lemma psd_add_scaleR:
  fixes A B :: "real^'n::finite^'n"
  assumes "transpose A = A" "transpose B = B" "c \<ge> 0"
    and "0 \<le> lambda_min A + c * lambda_min B"
  shows "psd (A + c *\<^sub>R B)"
  unfolding psd_def
proof
  fix v :: "real^'n"
  have "lambda_min A * (v \<bullet> v) \<le> v \<bullet> (A *v v)" "lambda_min B * (v \<bullet> v) \<le> v \<bullet> (B *v v)"
    using lambda_min_rayleigh[OF assms(1)] lambda_min_rayleigh[OF assms(2)] by blast+
  then have "(lambda_min A + c * lambda_min B) * (v \<bullet> v) \<le> v \<bullet> (A *v v) + c * (v \<bullet> (B *v v))"
    using mult_left_mono[of _ _ c] assms(3) by (simp add: distrib_right mult.assoc add_mono)
  moreover have "0 \<le> (lambda_min A + c * lambda_min B) * (v \<bullet> v)"
    using assms(4) by simp
  ultimately have "0 \<le> v \<bullet> (A *v v) + c * (v \<bullet> (B *v v))"
    by linarith
  then show "0 \<le> v \<bullet> ((A + c *\<^sub>R B) *v v)"
    by (simp add: matrix_vector_mult_add_rdistrib inner_add_right scaleR_matrix_vector_assoc[symmetric])
qed

lemma sqrt_less_imp_less_power2:
  fixes a t :: real
  assumes "sqrt a < t"
  shows "a < t\<^sup>2"
proof -
  have "sqrt a < sqrt (t\<^sup>2)"
    using assms abs_ge_self[of t] by simp
  then show ?thesis
    by (simp only: real_sqrt_less_iff)
qed

theorem theorem2:
  fixes f :: "real^'n::finite \<Rightarrow> real" and L :: real
  assumes "is_poly_deg_le 4 f"
    and "lambda_min (\<Sum>i\<in>UNIV. hessian (partial i (partial i f)) 0) > 0"
    and "L > 0"
  shows "\<forall>x t. x \<in> cball 0 L \<and>
           t > sqrt (6 * \<bar>Inf ((\<lambda>y. lambda_min (hessian f y)) ` cball 0 L)\<bar>
                     / lambda_min (\<Sum>i\<in>UNIV. hessian (partial i (partial i f)) 0))
           \<longrightarrow> psd (hessian (\<lambda>y. steklov f y t) x)"
proof (intro allI impI)
  fix x :: "real^'n" and t :: real
  let ?C = "\<Sum>i\<in>UNIV. hessian (partial i (partial i f)) 0"
  let ?\<theta> = "Inf ((\<lambda>y. lambda_min (hessian f y)) ` cball 0 L)"
  assume "x \<in> cball 0 L \<and> t > sqrt (6 * \<bar>?\<theta>\<bar> / lambda_min ?C)"
  then have x: "x \<in> cball 0 L" and t: "sqrt (6 * \<bar>?\<theta>\<bar> / lambda_min ?C) < t"
    by auto
  have f2: "is_poly_deg_le 4 (partial i (partial j f))" for i j
    using is_poly_deg_le_partial'[OF is_poly_deg_le_partial'[OF assms(1)]] .
  have H_sym: "transpose (hessian f y) = hessian f y" for y
    by (rule hessian_symmetric[OF assms(1)])
  have C_sym: "transpose ?C = ?C"
    by (simp add: transpose_sum hessian_symmetric[OF f2])
  have "0 \<le> sqrt (6 * \<bar>?\<theta>\<bar> / lambda_min ?C)"
    using assms(2) by simp
  with t have t_pos: "t > 0"
    by linarith
  have "- ?\<theta> \<le> t\<^sup>2 / 6 * lambda_min ?C"
    using sqrt_less_imp_less_power2[OF t] assms(2) by (simp add: field_simps)
  moreover have "?\<theta> \<le> lambda_min (hessian f x)"
  proof (rule cInf_lower[OF imageI[OF x] bdd_below_lambda_min])
    show "continuous_on (cball 0 L) (\<lambda>y. hessian f y $ i $ j)" for i j
      unfolding hessian_def by (simp add: continuous_on_is_poly_deg_le[OF f2])
  qed (simp_all add: H_sym)
  ultimately show "psd (hessian (\<lambda>y. steklov f y t) x)"
    unfolding hessian_steklov_is_poly_deg_le_4[OF assms(1) t_pos]
    by (intro psd_add_scaleR H_sym C_sym) auto
qed

end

• • • • • • •

Once you have read the data, copy all of it out exactly.

lemma psd_add_scaleR:
  fixes A B :: "real^'n::finite^'n"
  assumes "transpose A = A" "transpose B = B" "c \<ge> 0"
    and "0 \<le> lambda_min A + c * lambda_min B"
  shows "psd (A + c *\<^sub>R B)"
  unfolding psd_def
proof
  fix v :: "real^'n"
  have "lambda_min A * (v \<bullet> v) \<le> v \<bullet> (A *v v)" "lambda_min B * (v \<bullet> v) \<le> v \<bullet> (B *v v)"
    using lambda_min_rayleigh[OF assms(1)] lambda_min_rayleigh[OF assms(2)] by blast+
  then have "(lambda_min A + c * lambda_min B) * (v \<bullet> v) \<le> v \<bullet> (A *v v) + c * (v \<bullet> (B *v v))"
    using mult_left_mono[of _ _ c] assms(3) by (simp add: distrib_right mult.assoc add_mono)
  moreover have "0 \<le> (lambda_min A + c * lambda_min B) * (v \<bullet> v)"
    using assms(4) by simp
  ultimately have "0 \<le> v \<bullet> (A *v v) + c * (v \<bullet> (B *v v))"
    by linarith
  then show "0 \<le> v \<bullet> ((A + c *\<^sub>R B) *v v)"
    by (simp add: matrix_vector_mult_add_rdistrib inner_add_right scaleR_matrix_vector_assoc[symmetric])
qed

lemma sqrt_less_imp_less_power2:
  fixes a t :: real
  assumes "sqrt a < t"
  shows "a < t\<^sup>2"
proof -
  have "sqrt a < sqrt (t\<^sup>2)"
    using assms abs_ge_self[of t] by simp
  then show ?thesis
    by (simp only: real_sqrt_less_iff)
qed

theorem theorem2:
  fixes f :: "real^'n::finite \<Rightarrow> real" and L :: real
  assumes "is_poly_deg_le 4 f"
    and "lambda_min (\<Sum>i\<in>UNIV. hessian (partial i (partial i f)) 0) > 0"
    and "L > 0"
  shows "\<forall>x t. x \<in> cball 0 L \<and>
           t > sqrt (6 * \<bar>Inf ((\<lambda>y. lambda_min (hessian f y)) ` cball 0 L)\<bar>
                     / lambda_min (\<Sum>i\<in>UNIV. hessian (partial i (partial i f)) 0))
           \<longrightarrow> psd (hessian (\<lambda>y. steklov f y t) x)"
proof (intro allI impI)
  fix x :: "real^'n" and t :: real
  let ?C = "\<Sum>i\<in>UNIV. hessian (partial i (partial i f)) 0"
  let ?\<theta> = "Inf ((\<lambda>y. lambda_min (hessian f y)) ` cball 0 L)"
  assume "x \<in> cball 0 L \<and> t > sqrt (6 * \<bar>?\<theta>\<bar> / lambda_min ?C)"
  then have x: "x \<in> cball 0 L" and t: "sqrt (6 * \<bar>?\<theta>\<bar> / lambda_min ?C) < t"
    by auto
  have f2: "is_poly_deg_le 4 (partial i (partial j f))" for i j
    using is_poly_deg_le_partial'[OF is_poly_deg_le_partial'[OF assms(1)]] .
  have H_sym: "transpose (hessian f y) = hessian f y" for y
    by (rule hessian_symmetric[OF assms(1)])
  have C_sym: "transpose ?C = ?C"
    by (simp add: transpose_sum hessian_symmetric[OF f2])
  have "0 \<le> sqrt (6 * \<bar>?\<theta>\<bar> / lambda_min ?C)"
    using assms(2) by simp
  with t have t_pos: "t > 0"
    by linarith
  have "- ?\<theta> \<le> t\<^sup>2 / 6 * lambda_min ?C"
    using sqrt_less_imp_less_power2[OF t] assms(2) by (simp add: field_simps)
  moreover have "?\<theta> \<le> lambda_min (hessian f x)"
  proof (rule cInf_lower[OF imageI[OF x] bdd_below_lambda_min])
    show "continuous_on (cball 0 L) (\<lambda>y. hessian f y $ i $ j)" for i j
      unfolding hessian_def by (simp add: continuous_on_is_poly_deg_le[OF f2])
  qed (simp_all add: H_sym)
  ultimately show "psd (hessian (\<lambda>y. steklov f y t) x)"
    unfolding hessian_steklov_is_poly_deg_le_4[OF assms(1) t_pos]
    by (intro psd_add_scaleR H_sym C_sym) auto
qed

end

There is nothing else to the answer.